### Task item
In the records below, find every line that contains "lemma" and list it.

### Saved entries
□ □ □ □

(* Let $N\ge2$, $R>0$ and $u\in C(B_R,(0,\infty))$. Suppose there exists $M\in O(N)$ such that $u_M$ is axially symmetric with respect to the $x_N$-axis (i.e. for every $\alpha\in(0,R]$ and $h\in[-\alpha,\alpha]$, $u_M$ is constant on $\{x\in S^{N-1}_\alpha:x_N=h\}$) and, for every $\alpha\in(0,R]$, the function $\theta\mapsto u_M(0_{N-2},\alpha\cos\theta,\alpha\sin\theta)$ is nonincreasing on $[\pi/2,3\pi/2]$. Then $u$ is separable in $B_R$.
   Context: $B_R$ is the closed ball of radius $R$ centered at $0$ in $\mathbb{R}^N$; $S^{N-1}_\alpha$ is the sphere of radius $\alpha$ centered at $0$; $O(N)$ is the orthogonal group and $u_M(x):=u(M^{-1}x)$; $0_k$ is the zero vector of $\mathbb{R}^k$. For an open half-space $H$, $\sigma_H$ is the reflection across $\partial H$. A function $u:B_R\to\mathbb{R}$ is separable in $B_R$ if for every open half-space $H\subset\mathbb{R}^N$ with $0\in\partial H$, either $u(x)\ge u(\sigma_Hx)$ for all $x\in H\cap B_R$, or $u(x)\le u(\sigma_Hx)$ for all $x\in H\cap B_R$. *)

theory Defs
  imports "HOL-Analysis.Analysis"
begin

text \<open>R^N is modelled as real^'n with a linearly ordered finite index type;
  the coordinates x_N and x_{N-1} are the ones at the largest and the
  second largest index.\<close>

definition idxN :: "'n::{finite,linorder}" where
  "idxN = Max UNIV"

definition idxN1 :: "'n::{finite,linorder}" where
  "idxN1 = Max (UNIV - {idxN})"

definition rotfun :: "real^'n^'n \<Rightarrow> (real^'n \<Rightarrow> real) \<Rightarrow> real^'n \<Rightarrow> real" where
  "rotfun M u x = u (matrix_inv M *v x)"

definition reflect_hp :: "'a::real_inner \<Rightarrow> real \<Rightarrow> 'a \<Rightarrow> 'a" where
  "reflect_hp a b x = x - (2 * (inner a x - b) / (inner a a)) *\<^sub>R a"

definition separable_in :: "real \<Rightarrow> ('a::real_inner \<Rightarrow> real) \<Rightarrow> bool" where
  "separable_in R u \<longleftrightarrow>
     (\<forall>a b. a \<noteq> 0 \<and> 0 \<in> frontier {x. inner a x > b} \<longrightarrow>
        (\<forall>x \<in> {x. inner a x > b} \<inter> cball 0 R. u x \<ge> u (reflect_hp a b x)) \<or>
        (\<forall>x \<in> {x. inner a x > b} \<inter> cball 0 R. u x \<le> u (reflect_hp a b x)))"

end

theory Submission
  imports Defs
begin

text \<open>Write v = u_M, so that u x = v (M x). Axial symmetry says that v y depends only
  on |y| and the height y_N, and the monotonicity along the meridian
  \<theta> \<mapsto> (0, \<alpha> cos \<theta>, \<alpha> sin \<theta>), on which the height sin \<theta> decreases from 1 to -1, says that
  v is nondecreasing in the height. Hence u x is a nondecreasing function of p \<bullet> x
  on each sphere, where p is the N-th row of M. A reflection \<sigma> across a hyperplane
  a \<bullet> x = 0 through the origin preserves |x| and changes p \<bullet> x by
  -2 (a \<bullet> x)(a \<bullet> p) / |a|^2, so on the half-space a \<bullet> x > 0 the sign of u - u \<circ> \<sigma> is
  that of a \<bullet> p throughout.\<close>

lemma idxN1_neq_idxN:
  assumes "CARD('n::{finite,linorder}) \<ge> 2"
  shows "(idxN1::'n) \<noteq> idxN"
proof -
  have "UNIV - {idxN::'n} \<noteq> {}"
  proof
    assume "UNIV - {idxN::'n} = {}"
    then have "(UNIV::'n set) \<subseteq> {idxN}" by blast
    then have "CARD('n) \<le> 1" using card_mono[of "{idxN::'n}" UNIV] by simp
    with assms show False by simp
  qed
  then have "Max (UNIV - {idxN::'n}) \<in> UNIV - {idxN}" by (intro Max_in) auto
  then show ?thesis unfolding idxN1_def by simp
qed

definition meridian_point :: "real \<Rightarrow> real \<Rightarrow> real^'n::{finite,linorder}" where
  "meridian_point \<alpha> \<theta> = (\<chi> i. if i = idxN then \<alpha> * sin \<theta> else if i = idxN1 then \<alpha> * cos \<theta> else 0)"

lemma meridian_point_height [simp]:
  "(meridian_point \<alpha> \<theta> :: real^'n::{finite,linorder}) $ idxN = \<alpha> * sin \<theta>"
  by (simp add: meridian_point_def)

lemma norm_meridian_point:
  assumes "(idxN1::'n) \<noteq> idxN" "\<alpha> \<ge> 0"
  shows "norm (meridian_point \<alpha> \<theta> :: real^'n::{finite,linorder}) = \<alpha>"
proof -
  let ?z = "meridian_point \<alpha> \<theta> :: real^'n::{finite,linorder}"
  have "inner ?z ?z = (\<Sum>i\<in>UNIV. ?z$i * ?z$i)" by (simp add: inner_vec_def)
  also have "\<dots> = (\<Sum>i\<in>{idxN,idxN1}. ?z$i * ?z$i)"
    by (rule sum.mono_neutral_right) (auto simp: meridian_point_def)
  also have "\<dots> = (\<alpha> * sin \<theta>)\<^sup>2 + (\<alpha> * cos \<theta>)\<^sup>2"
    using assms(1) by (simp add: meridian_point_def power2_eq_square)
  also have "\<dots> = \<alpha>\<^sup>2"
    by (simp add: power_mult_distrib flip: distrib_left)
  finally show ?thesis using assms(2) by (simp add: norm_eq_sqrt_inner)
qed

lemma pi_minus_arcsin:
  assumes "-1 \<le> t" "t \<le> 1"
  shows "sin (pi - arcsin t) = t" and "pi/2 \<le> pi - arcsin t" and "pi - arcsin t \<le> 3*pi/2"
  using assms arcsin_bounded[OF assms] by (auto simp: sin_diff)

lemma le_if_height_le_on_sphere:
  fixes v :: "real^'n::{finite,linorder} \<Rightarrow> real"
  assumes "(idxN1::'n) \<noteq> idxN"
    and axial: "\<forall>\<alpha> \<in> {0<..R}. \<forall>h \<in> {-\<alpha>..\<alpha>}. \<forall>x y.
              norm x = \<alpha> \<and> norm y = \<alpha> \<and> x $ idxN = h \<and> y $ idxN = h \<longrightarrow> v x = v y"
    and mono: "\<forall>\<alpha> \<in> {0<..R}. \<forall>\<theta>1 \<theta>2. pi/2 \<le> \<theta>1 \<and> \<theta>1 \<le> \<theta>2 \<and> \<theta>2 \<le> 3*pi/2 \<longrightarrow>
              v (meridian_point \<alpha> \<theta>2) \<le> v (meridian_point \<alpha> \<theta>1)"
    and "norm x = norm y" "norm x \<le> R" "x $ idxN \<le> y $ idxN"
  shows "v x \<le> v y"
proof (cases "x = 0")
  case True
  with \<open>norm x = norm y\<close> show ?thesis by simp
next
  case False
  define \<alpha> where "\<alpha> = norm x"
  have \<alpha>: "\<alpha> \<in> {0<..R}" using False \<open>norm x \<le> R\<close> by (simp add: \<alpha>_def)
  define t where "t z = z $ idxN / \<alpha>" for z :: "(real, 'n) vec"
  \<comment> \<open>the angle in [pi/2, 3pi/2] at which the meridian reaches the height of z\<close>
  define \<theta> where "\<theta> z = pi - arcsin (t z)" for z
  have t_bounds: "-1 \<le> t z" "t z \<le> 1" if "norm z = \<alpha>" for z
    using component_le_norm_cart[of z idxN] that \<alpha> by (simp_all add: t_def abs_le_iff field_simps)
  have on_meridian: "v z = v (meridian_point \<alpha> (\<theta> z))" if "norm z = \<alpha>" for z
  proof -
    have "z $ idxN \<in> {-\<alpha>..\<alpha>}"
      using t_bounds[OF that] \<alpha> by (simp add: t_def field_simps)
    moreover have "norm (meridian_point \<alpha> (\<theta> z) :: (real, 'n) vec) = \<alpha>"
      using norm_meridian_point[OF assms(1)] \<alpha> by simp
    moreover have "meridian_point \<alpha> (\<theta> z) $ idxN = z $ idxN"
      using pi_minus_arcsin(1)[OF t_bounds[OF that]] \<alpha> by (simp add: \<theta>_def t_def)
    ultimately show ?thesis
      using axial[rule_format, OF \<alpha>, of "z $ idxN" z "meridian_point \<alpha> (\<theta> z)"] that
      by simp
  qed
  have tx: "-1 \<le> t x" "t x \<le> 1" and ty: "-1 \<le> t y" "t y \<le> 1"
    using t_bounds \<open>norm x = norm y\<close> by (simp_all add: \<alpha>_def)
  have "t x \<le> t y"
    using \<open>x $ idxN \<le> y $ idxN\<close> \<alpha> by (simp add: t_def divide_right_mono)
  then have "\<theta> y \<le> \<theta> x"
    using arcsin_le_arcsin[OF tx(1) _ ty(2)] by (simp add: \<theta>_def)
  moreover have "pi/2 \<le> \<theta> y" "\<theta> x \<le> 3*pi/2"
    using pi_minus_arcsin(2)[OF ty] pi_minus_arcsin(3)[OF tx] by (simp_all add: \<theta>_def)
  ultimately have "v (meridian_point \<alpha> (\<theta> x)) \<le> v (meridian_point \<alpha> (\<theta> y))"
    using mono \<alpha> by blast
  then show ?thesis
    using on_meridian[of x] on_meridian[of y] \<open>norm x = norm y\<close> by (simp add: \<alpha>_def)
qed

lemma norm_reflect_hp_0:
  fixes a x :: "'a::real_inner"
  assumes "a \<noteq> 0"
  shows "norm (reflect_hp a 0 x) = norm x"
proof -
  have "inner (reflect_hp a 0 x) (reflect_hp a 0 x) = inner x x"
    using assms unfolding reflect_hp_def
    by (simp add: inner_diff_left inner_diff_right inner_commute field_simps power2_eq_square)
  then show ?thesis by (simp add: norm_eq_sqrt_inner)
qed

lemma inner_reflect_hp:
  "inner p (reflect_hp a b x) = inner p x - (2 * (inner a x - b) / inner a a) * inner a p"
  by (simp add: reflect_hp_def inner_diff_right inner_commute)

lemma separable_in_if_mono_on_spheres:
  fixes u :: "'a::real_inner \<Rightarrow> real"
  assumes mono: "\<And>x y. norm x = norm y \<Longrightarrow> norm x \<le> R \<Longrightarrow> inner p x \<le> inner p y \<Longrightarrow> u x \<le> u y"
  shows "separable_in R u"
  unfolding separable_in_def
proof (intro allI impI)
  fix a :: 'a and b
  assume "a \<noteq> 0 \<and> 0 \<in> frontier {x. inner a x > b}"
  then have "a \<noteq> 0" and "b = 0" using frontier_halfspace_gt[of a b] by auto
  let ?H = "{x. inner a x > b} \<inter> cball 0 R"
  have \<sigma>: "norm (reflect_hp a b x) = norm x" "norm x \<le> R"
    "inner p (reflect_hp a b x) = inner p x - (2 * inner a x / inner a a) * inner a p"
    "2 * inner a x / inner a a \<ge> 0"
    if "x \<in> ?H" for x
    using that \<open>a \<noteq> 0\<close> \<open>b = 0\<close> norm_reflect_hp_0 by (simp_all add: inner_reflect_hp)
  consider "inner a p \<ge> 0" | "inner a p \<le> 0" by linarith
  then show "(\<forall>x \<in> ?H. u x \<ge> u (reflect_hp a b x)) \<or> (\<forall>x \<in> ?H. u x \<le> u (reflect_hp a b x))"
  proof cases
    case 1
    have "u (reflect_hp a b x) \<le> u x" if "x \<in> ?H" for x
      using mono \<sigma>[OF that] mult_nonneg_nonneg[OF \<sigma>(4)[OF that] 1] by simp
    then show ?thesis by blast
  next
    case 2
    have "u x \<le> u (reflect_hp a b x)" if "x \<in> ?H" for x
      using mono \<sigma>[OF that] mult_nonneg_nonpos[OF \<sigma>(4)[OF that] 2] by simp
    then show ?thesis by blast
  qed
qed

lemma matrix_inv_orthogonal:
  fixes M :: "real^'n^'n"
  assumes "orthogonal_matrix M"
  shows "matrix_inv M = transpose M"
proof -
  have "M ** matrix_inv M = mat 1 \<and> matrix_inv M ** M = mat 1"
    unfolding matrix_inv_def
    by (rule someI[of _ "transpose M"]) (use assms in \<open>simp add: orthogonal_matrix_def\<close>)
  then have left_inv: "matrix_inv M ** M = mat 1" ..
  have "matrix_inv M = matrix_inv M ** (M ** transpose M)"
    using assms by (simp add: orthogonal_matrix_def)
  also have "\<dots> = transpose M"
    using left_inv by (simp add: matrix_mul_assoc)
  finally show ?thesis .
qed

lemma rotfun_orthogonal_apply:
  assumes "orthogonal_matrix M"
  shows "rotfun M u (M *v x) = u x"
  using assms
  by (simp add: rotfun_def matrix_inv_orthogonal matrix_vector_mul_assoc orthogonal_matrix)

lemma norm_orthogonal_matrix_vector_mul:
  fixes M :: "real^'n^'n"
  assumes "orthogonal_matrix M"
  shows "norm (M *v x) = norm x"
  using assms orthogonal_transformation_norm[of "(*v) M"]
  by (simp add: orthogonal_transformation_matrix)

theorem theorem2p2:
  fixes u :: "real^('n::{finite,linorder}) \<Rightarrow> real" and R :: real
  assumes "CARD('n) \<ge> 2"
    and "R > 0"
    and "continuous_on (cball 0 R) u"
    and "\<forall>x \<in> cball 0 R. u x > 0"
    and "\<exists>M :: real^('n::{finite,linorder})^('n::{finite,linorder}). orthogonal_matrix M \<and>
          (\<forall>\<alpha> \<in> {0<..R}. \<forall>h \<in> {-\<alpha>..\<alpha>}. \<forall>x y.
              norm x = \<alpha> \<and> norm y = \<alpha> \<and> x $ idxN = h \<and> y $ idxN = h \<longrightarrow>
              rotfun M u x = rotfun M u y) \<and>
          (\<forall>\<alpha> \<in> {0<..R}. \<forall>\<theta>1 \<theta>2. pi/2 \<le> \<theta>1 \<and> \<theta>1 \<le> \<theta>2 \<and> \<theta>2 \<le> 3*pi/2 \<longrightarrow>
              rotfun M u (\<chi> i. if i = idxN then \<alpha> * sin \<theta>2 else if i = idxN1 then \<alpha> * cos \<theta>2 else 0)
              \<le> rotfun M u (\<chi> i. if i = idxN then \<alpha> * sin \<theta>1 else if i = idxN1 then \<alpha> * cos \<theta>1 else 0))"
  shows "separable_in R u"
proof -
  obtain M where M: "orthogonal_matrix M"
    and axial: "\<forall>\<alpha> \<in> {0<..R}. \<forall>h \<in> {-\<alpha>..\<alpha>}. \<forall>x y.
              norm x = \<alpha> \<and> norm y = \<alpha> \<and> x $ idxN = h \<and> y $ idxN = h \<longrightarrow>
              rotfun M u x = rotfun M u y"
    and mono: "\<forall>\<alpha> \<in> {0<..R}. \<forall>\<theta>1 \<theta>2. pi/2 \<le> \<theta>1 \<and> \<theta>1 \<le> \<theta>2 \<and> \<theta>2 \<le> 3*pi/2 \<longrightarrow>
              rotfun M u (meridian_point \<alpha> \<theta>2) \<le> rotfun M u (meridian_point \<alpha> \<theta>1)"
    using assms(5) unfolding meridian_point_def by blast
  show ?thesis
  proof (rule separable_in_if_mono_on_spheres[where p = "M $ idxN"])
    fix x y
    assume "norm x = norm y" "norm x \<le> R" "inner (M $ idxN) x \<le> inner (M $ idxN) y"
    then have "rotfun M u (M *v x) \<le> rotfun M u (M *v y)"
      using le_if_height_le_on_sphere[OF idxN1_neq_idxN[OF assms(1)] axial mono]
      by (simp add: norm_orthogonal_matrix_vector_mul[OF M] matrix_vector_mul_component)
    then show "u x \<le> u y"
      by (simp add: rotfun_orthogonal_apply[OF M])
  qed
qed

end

□ □ □ □

### Solution
lemma idxN1_neq_idxN:
lemma meridian_point_height [simp]:
lemma norm_meridian_point:
lemma pi_minus_arcsin:
lemma le_if_height_le_on_sphere:
lemma norm_reflect_hp_0:
lemma inner_reflect_hp:
lemma separable_in_if_mono_on_spheres:
lemma matrix_inv_orthogonal:
lemma rotfun_orthogonal_apply:
lemma norm_orthogonal_matrix_vector_mul:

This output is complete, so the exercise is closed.